— Problem to solve —
Within the entries below, find every line that has the string "definition", then copy it.

(Dataset entries)
■ ■ ■ ■
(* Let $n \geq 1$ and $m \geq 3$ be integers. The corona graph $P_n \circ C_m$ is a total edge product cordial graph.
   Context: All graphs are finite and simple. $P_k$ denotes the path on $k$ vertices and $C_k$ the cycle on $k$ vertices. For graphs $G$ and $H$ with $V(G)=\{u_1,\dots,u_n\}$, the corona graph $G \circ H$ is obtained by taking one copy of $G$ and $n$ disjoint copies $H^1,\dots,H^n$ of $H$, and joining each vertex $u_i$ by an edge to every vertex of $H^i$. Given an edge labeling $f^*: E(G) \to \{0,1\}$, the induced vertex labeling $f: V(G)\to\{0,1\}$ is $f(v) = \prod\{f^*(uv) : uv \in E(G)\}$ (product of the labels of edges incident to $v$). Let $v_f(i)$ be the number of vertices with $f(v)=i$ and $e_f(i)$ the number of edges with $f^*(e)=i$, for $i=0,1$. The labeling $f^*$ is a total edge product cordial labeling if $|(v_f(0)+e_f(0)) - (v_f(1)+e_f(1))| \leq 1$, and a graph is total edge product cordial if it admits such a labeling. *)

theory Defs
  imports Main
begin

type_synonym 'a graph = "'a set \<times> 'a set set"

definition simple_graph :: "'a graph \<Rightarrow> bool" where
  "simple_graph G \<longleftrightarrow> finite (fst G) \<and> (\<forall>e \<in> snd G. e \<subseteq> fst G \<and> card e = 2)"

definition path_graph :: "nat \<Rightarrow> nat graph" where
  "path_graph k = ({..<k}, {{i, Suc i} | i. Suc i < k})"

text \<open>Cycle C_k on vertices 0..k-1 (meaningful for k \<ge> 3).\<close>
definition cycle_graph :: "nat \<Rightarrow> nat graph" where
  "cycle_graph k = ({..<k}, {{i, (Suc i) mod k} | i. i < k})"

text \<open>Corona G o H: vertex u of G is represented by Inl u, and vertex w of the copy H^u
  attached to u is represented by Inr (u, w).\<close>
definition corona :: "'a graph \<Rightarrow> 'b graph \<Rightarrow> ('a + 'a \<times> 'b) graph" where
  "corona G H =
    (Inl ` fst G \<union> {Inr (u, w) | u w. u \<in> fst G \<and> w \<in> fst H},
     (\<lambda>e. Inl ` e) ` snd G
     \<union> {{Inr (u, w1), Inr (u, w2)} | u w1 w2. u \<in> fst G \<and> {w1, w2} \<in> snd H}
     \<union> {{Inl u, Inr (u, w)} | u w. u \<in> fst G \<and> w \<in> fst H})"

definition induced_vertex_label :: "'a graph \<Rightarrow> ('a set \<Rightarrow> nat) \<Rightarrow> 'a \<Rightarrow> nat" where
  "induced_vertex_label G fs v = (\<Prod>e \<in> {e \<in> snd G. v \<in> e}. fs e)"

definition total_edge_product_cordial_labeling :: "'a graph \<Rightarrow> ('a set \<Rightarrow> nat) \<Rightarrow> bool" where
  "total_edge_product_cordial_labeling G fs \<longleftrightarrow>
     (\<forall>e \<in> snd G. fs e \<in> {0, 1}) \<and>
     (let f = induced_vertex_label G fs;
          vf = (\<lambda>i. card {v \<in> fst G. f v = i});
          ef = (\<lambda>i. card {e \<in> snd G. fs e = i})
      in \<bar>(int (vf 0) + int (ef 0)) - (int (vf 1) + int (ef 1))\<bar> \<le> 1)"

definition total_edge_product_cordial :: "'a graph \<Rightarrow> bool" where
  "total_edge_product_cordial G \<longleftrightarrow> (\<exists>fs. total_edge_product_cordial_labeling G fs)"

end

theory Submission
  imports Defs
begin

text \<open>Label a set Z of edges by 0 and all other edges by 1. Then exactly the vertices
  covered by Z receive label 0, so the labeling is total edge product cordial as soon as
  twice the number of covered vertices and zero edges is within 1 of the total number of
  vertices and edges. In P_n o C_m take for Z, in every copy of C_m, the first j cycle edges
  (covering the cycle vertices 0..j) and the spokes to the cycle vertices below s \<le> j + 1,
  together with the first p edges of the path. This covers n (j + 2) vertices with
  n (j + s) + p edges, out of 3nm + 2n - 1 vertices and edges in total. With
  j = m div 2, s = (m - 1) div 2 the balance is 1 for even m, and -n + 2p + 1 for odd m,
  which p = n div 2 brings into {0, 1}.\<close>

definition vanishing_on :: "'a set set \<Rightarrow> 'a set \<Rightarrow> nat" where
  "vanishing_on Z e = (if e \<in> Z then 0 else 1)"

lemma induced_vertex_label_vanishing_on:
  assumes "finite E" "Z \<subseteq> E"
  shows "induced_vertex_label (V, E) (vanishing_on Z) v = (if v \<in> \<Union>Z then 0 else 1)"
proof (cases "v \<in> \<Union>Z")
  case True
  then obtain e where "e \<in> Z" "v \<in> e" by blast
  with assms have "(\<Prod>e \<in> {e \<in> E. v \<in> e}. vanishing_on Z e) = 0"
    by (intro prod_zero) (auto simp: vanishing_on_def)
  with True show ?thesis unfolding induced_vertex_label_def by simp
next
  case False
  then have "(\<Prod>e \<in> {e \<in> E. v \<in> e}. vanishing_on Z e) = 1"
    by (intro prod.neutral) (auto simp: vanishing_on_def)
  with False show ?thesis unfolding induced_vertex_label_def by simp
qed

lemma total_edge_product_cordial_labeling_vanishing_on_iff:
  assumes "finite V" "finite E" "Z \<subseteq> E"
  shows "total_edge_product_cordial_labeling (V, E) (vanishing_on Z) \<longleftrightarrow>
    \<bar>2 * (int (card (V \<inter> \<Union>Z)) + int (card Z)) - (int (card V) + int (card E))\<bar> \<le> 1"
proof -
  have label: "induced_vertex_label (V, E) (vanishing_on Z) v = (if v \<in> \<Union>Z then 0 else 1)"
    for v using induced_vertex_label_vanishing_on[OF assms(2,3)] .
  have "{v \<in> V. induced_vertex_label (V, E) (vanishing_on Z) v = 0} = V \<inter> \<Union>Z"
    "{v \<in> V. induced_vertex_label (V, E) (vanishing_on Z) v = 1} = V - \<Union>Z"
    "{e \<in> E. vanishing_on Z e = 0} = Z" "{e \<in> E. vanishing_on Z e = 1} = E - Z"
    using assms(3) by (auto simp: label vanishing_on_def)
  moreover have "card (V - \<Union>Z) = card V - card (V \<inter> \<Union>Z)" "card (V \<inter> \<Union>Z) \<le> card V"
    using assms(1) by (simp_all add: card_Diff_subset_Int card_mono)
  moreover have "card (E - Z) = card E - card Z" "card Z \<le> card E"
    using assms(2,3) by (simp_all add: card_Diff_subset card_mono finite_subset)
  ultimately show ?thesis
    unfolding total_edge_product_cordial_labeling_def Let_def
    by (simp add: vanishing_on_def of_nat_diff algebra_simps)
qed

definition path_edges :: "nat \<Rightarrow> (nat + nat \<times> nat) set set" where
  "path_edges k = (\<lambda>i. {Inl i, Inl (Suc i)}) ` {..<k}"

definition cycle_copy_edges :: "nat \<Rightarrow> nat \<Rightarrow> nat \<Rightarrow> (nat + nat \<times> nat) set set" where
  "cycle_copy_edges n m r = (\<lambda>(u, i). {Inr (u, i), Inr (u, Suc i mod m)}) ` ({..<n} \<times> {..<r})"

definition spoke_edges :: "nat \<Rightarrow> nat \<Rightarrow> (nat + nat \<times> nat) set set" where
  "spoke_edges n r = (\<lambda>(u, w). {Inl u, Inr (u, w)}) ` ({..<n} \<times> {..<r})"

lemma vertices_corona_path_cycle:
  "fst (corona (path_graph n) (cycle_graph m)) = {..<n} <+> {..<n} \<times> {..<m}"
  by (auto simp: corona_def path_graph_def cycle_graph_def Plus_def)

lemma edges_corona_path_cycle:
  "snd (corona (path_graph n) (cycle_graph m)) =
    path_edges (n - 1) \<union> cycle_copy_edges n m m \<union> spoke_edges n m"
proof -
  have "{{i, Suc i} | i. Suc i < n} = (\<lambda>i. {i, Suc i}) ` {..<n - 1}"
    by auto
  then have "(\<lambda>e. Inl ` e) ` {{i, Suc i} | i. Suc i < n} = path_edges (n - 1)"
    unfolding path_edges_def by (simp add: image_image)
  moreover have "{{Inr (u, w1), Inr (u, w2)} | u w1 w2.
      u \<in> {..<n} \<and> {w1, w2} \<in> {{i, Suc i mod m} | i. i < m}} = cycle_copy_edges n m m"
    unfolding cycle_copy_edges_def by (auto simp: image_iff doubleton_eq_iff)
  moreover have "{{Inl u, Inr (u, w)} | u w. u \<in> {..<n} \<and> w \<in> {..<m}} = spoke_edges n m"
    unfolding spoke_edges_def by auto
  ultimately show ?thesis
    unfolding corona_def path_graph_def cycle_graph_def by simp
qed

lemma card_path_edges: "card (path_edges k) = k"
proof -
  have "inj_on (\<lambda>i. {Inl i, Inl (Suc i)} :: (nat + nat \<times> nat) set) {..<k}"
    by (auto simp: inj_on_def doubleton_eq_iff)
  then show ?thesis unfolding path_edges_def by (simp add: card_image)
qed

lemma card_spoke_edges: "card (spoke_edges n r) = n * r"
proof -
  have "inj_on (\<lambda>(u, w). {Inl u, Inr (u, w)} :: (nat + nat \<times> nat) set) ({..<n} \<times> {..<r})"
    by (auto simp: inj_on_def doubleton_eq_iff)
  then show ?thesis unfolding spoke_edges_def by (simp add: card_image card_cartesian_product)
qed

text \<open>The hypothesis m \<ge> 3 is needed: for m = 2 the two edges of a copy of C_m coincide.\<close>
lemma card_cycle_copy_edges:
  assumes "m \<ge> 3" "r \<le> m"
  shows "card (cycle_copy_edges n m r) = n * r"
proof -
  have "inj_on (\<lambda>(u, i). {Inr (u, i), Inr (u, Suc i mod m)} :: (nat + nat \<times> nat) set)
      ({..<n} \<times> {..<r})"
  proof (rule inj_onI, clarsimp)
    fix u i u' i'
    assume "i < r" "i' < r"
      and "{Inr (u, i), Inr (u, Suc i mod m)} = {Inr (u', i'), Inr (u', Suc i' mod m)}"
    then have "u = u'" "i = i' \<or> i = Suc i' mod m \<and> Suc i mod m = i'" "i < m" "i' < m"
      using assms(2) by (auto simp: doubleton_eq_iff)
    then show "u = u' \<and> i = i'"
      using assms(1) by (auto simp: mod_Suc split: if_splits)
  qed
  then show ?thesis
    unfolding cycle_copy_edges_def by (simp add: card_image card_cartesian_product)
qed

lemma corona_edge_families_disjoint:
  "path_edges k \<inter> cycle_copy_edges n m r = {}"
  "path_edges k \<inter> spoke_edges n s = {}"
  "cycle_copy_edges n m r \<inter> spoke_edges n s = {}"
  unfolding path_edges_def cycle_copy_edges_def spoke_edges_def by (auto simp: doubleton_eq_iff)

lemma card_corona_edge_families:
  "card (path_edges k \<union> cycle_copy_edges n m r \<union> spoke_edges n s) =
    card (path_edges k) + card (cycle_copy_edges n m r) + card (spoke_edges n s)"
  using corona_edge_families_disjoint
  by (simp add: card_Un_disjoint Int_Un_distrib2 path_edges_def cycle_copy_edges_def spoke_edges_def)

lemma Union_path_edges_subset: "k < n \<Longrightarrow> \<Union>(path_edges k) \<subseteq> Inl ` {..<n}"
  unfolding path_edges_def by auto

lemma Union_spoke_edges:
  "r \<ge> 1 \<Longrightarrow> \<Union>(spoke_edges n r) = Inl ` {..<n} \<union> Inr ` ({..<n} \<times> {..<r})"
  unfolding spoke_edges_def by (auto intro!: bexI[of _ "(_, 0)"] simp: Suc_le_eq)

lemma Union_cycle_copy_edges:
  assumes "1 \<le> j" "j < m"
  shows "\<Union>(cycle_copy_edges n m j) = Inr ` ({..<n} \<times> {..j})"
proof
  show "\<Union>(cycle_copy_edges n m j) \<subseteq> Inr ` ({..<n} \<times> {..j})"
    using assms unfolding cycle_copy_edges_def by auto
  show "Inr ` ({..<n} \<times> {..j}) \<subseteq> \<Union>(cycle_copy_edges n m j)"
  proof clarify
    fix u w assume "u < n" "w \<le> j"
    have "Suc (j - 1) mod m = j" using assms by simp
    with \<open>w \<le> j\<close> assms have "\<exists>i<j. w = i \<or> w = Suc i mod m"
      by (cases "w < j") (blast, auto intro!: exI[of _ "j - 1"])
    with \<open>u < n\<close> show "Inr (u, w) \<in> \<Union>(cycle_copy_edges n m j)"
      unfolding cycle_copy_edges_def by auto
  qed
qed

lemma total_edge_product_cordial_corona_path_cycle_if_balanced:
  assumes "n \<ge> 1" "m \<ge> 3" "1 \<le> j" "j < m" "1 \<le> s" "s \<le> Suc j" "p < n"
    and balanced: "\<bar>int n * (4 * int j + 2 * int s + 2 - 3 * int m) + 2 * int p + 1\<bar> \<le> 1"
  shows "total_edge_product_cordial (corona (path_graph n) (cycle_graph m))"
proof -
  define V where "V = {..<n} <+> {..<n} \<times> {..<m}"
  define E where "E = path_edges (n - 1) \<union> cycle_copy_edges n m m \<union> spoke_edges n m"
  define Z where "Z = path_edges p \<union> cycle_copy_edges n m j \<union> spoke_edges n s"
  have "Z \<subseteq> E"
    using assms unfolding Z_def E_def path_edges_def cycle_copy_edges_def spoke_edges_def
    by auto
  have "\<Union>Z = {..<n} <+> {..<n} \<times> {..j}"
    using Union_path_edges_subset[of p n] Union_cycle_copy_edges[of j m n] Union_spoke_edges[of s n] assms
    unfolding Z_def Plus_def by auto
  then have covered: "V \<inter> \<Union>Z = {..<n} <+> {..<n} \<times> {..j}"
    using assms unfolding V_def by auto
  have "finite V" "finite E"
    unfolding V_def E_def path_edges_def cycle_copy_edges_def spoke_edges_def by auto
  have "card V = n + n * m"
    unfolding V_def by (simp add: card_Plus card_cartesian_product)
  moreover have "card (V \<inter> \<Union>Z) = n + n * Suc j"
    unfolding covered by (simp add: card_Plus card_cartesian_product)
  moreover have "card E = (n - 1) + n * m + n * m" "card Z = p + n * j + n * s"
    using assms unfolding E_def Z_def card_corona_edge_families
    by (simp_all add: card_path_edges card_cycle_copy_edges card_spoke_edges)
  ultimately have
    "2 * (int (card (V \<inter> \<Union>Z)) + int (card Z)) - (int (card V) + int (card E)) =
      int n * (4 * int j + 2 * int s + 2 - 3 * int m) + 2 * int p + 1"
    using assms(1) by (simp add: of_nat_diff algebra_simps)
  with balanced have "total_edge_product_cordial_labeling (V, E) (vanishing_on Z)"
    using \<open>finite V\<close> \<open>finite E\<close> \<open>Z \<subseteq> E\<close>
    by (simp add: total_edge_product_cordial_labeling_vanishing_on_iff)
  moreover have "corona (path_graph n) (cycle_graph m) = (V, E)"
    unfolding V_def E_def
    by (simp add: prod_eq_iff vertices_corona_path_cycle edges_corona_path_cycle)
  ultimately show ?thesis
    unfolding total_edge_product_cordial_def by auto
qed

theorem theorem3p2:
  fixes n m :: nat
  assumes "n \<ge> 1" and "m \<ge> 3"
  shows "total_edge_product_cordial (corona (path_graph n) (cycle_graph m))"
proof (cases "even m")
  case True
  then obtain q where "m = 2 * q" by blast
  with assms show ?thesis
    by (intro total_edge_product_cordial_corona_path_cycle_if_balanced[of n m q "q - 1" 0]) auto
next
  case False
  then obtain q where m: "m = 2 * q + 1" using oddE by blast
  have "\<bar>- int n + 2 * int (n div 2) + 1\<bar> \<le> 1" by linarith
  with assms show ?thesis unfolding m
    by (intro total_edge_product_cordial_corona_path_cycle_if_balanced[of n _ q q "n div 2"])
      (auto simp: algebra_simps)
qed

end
■ ■ ■ ■
— Solution to this task —
definition simple_graph :: "'a graph \<Rightarrow> bool" where
definition path_graph :: "nat \<Rightarrow> nat graph" where
definition cycle_graph :: "nat \<Rightarrow> nat graph" where
definition corona :: "'a graph \<Rightarrow> 'b graph \<Rightarrow> ('a + 'a \<times> 'b) graph" where
definition induced_vertex_label :: "'a graph \<Rightarrow> ('a set \<Rightarrow> nat) \<Rightarrow> 'a \<Rightarrow> nat" where
definition total_edge_product_cordial_labeling :: "'a graph \<Rightarrow> ('a set \<Rightarrow> nat) \<Rightarrow> bool" where
definition total_edge_product_cordial :: "'a graph \<Rightarrow> bool" where
definition vanishing_on :: "'a set set \<Rightarrow> 'a set \<Rightarrow> nat" where
definition path_edges :: "nat \<Rightarrow> (nat + nat \<times> nat) set set" where
definition cycle_copy_edges :: "nat \<Rightarrow> nat \<Rightarrow> nat \<Rightarrow> (nat + nat \<times> nat) set set" where
definition spoke_edges :: "nat \<Rightarrow> nat \<Rightarrow> (nat + nat \<times> nat) set set" where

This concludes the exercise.